A planetary redesign needs new engineers: youth
Redesigning a system does not always mean starting from scratch. It means finally seeing it clearly: understanding what it was built for, what it left out, and what it must become. More than three billion people live in areas highly vulnerable to climate change, and the impacts fall hardest on those who contributed the least. About 700 million of them live in Asia and the Pacific. This is the generation most exposed to a crisis they did not cause, and they are already responding to it. Nearly 70 percent of people under 18 call it a global emergency. They are not waiting to be asked. They are already drawing up new blueprints.
But a blueprint is only the beginning. A survey of young social entrepreneurs across Asia-Pacific found that 85 percent face challenges advancing climate action, with lack of finance, connections, and training cited as the biggest obstacles. The challenge is rarely the idea for entrepreneurs, innovators, and builders who have grown up with the consequences of a warming world. It is what comes next: the capital, the networks, the support to move from prototype to impact at scale.
That is the gap the Climate Catalysts programme, developed by UNDP and Microsoft, is designed to close. Young people today are more entrepreneurial, more collaborative, and more systems-oriented than any generation before them, but talent and ambition alone are not enough. The programme backs early-stage, youth-led ventures working on clean air, food security, renewable energy, water, and the circular economy, accelerating the most promising founders and helping them translate bold ideas into scalable, investable impact.
What is emerging from the programme’s more than 380 applications is a new kind of sustainable infrastructure: business models, technologies, and community-led approaches that are regenerative by design. From Singapore, Flint is rethinking how we store energy by building batteries from renewable materials that perform without the environmental cost. Greenairy, designs smart plant towers that use natural microbial processes to filter indoor air pollution in offices and schools. Riffai, from Thailand, uses satellite data and AI to identify renewable energy opportunities and the climate risks that shape them.
That vision of regenerative, community-rooted infrastructure is also what drew Microsoft to the programme. “At Microsoft, we believe that the future of sustainable infrastructure must be built with and for the communities it serves. Guided by our Community Pledge and our commitment to community-first infrastructure, we are working to ensure that our investments – including in data center regions – create lasting local value.
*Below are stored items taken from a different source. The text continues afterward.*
lemma continuous_map_proj_map:
  assumes P: "scale_invariant P" "open {x. x \<noteq> 0 \<and> P x}"
    and F: "proj_homogeneous F" "continuous_on {x. x \<noteq> 0 \<and> P x} F"
    and nonzero: "\<And>x. x \<noteq> 0 \<Longrightarrow> P x \<Longrightarrow> F x \<noteq> 0"
  shows "continuous_map (subtopology RP2_top (proj_region P)) RP2_top (proj_map F)"
  unfolding continuous_map topspace_subtopology_RP2_top[OF proj_region_subset_RP2]
proof (intro conjI allI impI)
  show "proj_map F ` proj_region P \<subseteq> topspace RP2_top"
    using nonzero by (auto simp: proj_region_def proj_map_proj[OF F(1)] topspace_RP2_top proj_in_RP2)
next
  fix S
  assume S: "openin RP2_top S"
  define A where "A = {L \<in> proj_region P. proj_map F L \<in> S}"
  have "proj x \<in> A \<longleftrightarrow> P x \<and> F x \<noteq> 0 \<and> proj (F x) \<in> S" if "x \<noteq> 0" for x
    using that nonzero by (auto simp: A_def proj_mem_proj_region[OF P(1)] proj_map_proj[OF F(1)])
  then have "{x. x \<noteq> 0 \<and> proj x \<in> A} = {x. x \<noteq> 0 \<and> P x} \<inter> F -` {y. y \<noteq> 0 \<and> proj y \<in> S}"
    by blast
  moreover have "open ({x. x \<noteq> 0 \<and> P x} \<inter> F -` {y. y \<noteq> 0 \<and> proj y \<in> S})"
    using S P(2) F(2) by (intro continuous_open_preimage) (auto simp: openin_RP2_top)
  moreover have "A \<subseteq> proj_region P"
    by (auto simp: A_def)
  ultimately have "openin RP2_top A"
    using proj_region_subset_RP2[of P] by (simp add: openin_RP2_top)
  then show "openin (subtopology RP2_top (proj_region P)) A"
    using \<open>A \<subseteq> proj_region P\<close> by (auto simp: openin_subtopology intro!: exI[of _ A])
qed

lemma homeomorphic_maps_proj_map:
  assumes P: "scale_invariant P" "open {x. x \<noteq> 0 \<and> P x}"
    and Q: "scale_invariant Q" "open {x. x \<noteq> 0 \<and> Q x}"
    and F: "proj_homogeneous F" "continuous_on {x. x \<noteq> 0 \<and> P x} F"
    and G: "proj_homogeneous G" "continuous_on {x. x \<noteq> 0 \<and> Q x} G"
    and FG: "\<And>x. x \<noteq> 0 \<Longrightarrow> P x \<Longrightarrow> F x \<noteq> 0 \<and> Q (F x) \<and> proj (G (F x)) = proj x"
    and GF: "\<And>z. z \<noteq> 0 \<Longrightarrow> Q z \<Longrightarrow> G z \<noteq> 0 \<and> P (G z) \<and> proj (F (G z)) = proj z"
  shows "homeomorphic_maps (subtopology RP2_top (proj_region P)) (subtopology RP2_top (proj_region Q))
           (proj_map F) (proj_map G)"
proof -
  have F_into: "proj_map F L \<in> proj_region Q" and GF_id: "proj_map G (proj_map F L) = L"
    if L: "L \<in> proj_region P" for L
  proof -
    obtain x where x: "x \<noteq> 0" "P x" "L = proj x"
      using L by (rule proj_regionE)
    then show "proj_map F L \<in> proj_region Q" "proj_map G (proj_map F L) = L"
      using FG[OF x(1,2)] by (auto simp: proj_map_proj F(1) G(1) proj_region_def)
  qed
  have G_into: "proj_map G L \<in> proj_region P" and FG_id: "proj_map F (proj_map G L) = L"
    if L: "L \<in> proj_region Q" for L
  proof -
    obtain z where z: "z \<noteq> 0" "Q z" "L = proj z"
      using L by (rule proj_regionE)
    then show "proj_map G L \<in> proj_region P" "proj_map F (proj_map G L) = L"
      using GF[OF z(1,2)] by (auto simp: proj_map_proj F(1) G(1) proj_region_def)
  qed
  show ?thesis
    unfolding homeomorphic_maps_def continuous_map_in_subtopology
      topspace_subtopology_RP2_top[OF proj_region_subset_RP2]
    using continuous_map_proj_map[OF P F] continuous_map_proj_map[OF Q G] FG GF
      F_into G_into GF_id FG_id by blast
qed

lemma continuous_map_proj: "0 \<notin> S \<Longrightarrow> continuous_map (top_of_set S) RP2_top proj"
  unfolding continuous_map
proof (intro conjI allI impI)
  assume "0 \<notin> S"
  then show "proj ` topspace (top_of_set S) \<subseteq> topspace RP2_top"
    by (auto simp: topspace_RP2_top intro: proj_in_RP2)
  fix V
  assume "openin RP2_top V"
  then have "open {x. x \<noteq> 0 \<and> proj x \<in> V}"
    by (simp add: openin_RP2_top)
  moreover have "{x \<in> topspace (top_of_set S). proj x \<in> V} = S \<inter> {x. x \<noteq> 0 \<and> proj x \<in> V}"
    using \<open>0 \<notin> S\<close> by auto
  ultimately show "openin (top_of_set S) {x \<in> topspace (top_of_set S). proj x \<in> V}"
    by (auto simp: openin_open)
qed

lemma connected_components_of_open_partition:
  assumes cover: "\<Union>\<F> = topspace X" and disj: "pairwise disjnt \<F>"
    and nonempty: "\<And>C. C \<in> \<F> \<Longrightarrow> C \<noteq> {}"
    and connected: "\<And>C. C \<in> \<F> \<Longrightarrow> connectedin X C"
    and opn: "\<And>C. C \<in> \<F> \<Longrightarrow> openin X C"
  shows "connected_components_of X = \<F>"
proof -
  have closed: "closedin X C" if "C \<in> \<F>" for C
  proof -
    have "topspace X - C = \<Union>(\<F> - {C})"
      using disj that unfolding cover[symmetric] pairwise_def disjnt_def by auto
    moreover have "openin X (\<Union>(\<F> - {C}))"
      using opn by (intro openin_Union) auto
    moreover have "C \<subseteq> topspace X"
      using cover that by auto
    ultimately show ?thesis
      unfolding closedin_def by simp
  qed
  have component: "connected_component_of_set X x = C" if C: "C \<in> \<F>" "x \<in> C" for C x
  proof
    show "C \<subseteq> connected_component_of_set X x"
      using connected_component_of_maximal[OF connected[OF C(1)] C(2)] .
    have "x \<in> connected_component_of_set X x"
      using cover C by (auto simp: connected_component_of_refl)
    moreover have "connected_component_of_set X x \<subseteq> C \<or> disjnt (connected_component_of_set X x) C"
      by (rule connectedin_clopen_cases[OF connectedin_connected_component_of closed[OF C(1)] opn[OF C(1)]])
    ultimately show "connected_component_of_set X x \<subseteq> C"
      using C(2) by (auto simp: disjnt_def)
  qed
  show ?thesis
    unfolding connected_components_of_def
  proof
    show "connected_component_of_set X ` topspace X \<subseteq> \<F>"
    proof
      fix K
      assume "K \<in> connected_component_of_set X ` topspace X"
      then obtain x C where "K = connected_component_of_set X x" "C \<in> \<F>" "x \<in> C"
        using cover by blast
      then show "K \<in> \<F>"
        using component by simp
    qed
    show "\<F> \<subseteq> connected_component_of_set X ` topspace X"
    proof
      fix C
      assume C: "C \<in> \<F>"
      then obtain x where "x \<in> C"
        using nonempty by blast
      then show "C \<in> connected_component_of_set X ` topspace X"
        using component[OF C] cover C by blast
    qed
  qed
qed
definition guaranteed_exploration :: "(nat \<Rightarrow> 's bandit_alg) \<Rightarrow> bool" where
  "guaranteed_exploration A \<longleftrightarrow>
     (\<forall>K1 K2 u1 u2 M. 1 \<le> K1 \<longrightarrow> 1 \<le> K2 \<longrightarrow>
        (\<forall>i j. i < K1 \<longrightarrow> j < K2 \<longrightarrow> 0 \<le> u1 i j \<and> u1 i j \<le> 1 \<and> 0 \<le> u2 i j \<and> u2 i j \<le> 1) \<longrightarrow>
        law_of M (\<lambda>t. map_pmf snd (game_run (A K1) (A K2) u1 u2 t)) \<longrightarrow>
        (AE \<omega> in M. \<forall>i<K1. \<forall>j<K2. infinite {t. \<omega> t = (i, j)}))"

text \<open>The flag records
  whether the pending update belongs to an iteration of A.\<close>
definition explore_alg :: "real \<Rightarrow> nat \<Rightarrow> 's bandit_alg \<Rightarrow> ('s \<times> bool) bandit_alg" where
  "explore_alg \<gamma> K A =
     \<lparr> alg_init = (alg_init A, False),
       alg_sel = (\<lambda>(s, b). bind_pmf (bernoulli_pmf \<gamma>) (\<lambda>e.
                   if e then map_pmf (\<lambda>k. ((s, False), k)) (pmf_of_set {..<K})
                   else map_pmf (\<lambda>(s', k). ((s', True), k)) (alg_sel A s))),
       alg_upd = (\<lambda>(s, b) k x. if b then map_pmf (\<lambda>s'. (s', False)) (alg_upd A s k x)
                               else return_pmf (s, False)) \<rparr>"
This approach is grounded in our broader sustainability commitments – to become a carbon negative, water positive, and zero waste company while protecting ecosystems by 2030 – and in our belief that technology and partnerships can help accelerate climate solutions at scale.
Across Asia and the Pacific, young innovators are leading the way in tackling climate challenges, and through our partnership with UNDP, we are proud to support their efforts to design solutions that are not only scalable, but deeply rooted in community needs – helping to build more resilient, inclusive, and sustainable communities for the future.” Alvin Heng, Vice President, APAC Regional Leader, Microsoft
Across the region, young entrepreneurs are making food systems climate-resilient. Young technologists are building tools that make carbon visible and accountable. Young innovators are reimagining water and waste as resources solutions, not problems. This is no coincidence; across the region, a pattern is forming. What this generation shows us, again and again, is that when young people are given access to capital, networks, and enabling ecosystems, they deliver.
“For UNDP, through the Youth Moonshot, we will continue working with governments, academia, and partners in the private sector like Microsoft to ensure young innovators are not just consulted on the solutions but seated at the table where decisions are made.” Beniam Gebrezghi, Programme Specialist in Civic Society and Youth, UNDP Bangkok Regional Hub
On this World Environment Day, as the world unites around the call to act #NowForClimate, we stand with the young people of Asia and the Pacific who are already answering it. Join us in backing the next generation of climate entrepreneurs, because the future they are building is one we all stand to inherit.